§ Records for the exercise

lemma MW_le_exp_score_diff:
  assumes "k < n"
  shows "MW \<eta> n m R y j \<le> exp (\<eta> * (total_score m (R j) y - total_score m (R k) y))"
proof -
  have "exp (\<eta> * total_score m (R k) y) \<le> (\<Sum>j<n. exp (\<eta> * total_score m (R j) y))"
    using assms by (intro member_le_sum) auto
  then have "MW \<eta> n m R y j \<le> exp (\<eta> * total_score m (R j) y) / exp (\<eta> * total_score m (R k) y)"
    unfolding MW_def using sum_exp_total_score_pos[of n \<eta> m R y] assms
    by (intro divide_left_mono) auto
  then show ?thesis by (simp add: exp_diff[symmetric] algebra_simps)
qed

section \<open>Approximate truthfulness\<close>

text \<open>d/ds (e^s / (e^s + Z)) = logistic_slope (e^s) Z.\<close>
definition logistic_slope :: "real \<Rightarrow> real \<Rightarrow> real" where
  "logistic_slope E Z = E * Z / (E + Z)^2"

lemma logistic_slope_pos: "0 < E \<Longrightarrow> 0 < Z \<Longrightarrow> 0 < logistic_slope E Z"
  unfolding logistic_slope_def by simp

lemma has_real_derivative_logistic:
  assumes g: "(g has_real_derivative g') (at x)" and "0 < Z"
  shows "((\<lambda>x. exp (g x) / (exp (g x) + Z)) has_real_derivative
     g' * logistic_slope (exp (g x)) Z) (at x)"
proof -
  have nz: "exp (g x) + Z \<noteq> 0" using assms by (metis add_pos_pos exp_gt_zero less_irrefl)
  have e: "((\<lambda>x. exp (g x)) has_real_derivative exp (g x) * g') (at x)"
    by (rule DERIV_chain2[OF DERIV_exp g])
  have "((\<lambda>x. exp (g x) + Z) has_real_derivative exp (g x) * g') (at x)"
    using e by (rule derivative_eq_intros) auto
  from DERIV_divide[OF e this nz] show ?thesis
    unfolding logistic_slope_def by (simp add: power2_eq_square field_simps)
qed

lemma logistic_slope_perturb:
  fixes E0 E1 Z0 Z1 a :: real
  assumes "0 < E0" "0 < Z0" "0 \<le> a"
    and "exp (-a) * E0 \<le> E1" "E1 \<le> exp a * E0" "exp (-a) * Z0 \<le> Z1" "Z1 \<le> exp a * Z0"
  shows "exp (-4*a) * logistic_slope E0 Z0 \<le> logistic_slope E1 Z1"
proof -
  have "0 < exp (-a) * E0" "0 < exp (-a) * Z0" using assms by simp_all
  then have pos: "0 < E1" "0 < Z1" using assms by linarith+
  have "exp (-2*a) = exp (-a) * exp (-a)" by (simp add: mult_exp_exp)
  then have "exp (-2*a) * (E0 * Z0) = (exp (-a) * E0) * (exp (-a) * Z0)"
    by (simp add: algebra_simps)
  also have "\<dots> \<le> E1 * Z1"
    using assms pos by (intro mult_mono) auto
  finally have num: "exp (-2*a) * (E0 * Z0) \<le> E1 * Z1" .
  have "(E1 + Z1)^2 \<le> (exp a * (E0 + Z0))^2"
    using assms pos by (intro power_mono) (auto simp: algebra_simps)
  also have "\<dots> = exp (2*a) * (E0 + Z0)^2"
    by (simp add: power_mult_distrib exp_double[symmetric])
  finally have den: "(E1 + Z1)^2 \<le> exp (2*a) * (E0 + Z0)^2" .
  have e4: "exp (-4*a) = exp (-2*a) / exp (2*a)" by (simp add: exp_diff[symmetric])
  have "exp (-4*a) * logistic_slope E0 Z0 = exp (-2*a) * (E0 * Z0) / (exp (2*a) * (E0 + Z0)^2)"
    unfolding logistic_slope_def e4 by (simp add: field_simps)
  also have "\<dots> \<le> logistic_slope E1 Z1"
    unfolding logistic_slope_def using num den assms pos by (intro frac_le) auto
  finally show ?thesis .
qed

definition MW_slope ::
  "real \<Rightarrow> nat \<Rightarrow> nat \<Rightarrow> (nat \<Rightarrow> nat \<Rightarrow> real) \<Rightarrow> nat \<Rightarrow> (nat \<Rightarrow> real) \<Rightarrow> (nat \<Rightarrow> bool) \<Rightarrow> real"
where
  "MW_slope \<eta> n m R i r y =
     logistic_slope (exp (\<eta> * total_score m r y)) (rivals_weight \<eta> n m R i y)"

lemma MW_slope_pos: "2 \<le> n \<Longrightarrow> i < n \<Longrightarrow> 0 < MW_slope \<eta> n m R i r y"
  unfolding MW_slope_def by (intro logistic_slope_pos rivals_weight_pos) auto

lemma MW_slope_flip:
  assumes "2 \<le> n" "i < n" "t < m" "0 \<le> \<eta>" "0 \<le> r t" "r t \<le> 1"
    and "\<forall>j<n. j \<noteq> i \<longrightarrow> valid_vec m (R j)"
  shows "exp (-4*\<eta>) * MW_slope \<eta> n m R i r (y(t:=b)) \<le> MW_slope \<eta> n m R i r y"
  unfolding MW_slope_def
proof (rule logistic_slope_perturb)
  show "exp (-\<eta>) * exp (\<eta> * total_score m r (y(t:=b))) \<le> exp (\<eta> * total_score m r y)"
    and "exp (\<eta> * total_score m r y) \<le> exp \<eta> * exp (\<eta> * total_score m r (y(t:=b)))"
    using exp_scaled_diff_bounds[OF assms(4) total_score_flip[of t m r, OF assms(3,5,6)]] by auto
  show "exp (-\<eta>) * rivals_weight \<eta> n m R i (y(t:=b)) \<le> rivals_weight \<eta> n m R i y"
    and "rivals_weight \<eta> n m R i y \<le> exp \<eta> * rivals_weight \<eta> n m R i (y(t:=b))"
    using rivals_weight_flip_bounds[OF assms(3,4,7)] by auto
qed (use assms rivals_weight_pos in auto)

§ Task
Each line of the records, from the opening one through the line holding "section \<open>Approximate truthfulness\<close>", should be restated word for word, with nothing else in the answer.

§ Output
lemma MW_le_exp_score_diff:
  assumes "k < n"
  shows "MW \<eta> n m R y j \<le> exp (\<eta> * (total_score m (R j) y - total_score m (R k) y))"
proof -
  have "exp (\<eta> * total_score m (R k) y) \<le> (\<Sum>j<n. exp (\<eta> * total_score m (R j) y))"
    using assms by (intro member_le_sum) auto
  then have "MW \<eta> n m R y j \<le> exp (\<eta> * total_score m (R j) y) / exp (\<eta> * total_score m (R k) y)"
    unfolding MW_def using sum_exp_total_score_pos[of n \<eta> m R y] assms
    by (intro divide_left_mono) auto
  then show ?thesis by (simp add: exp_diff[symmetric] algebra_simps)
qed

section \<open>Approximate truthfulness\<close>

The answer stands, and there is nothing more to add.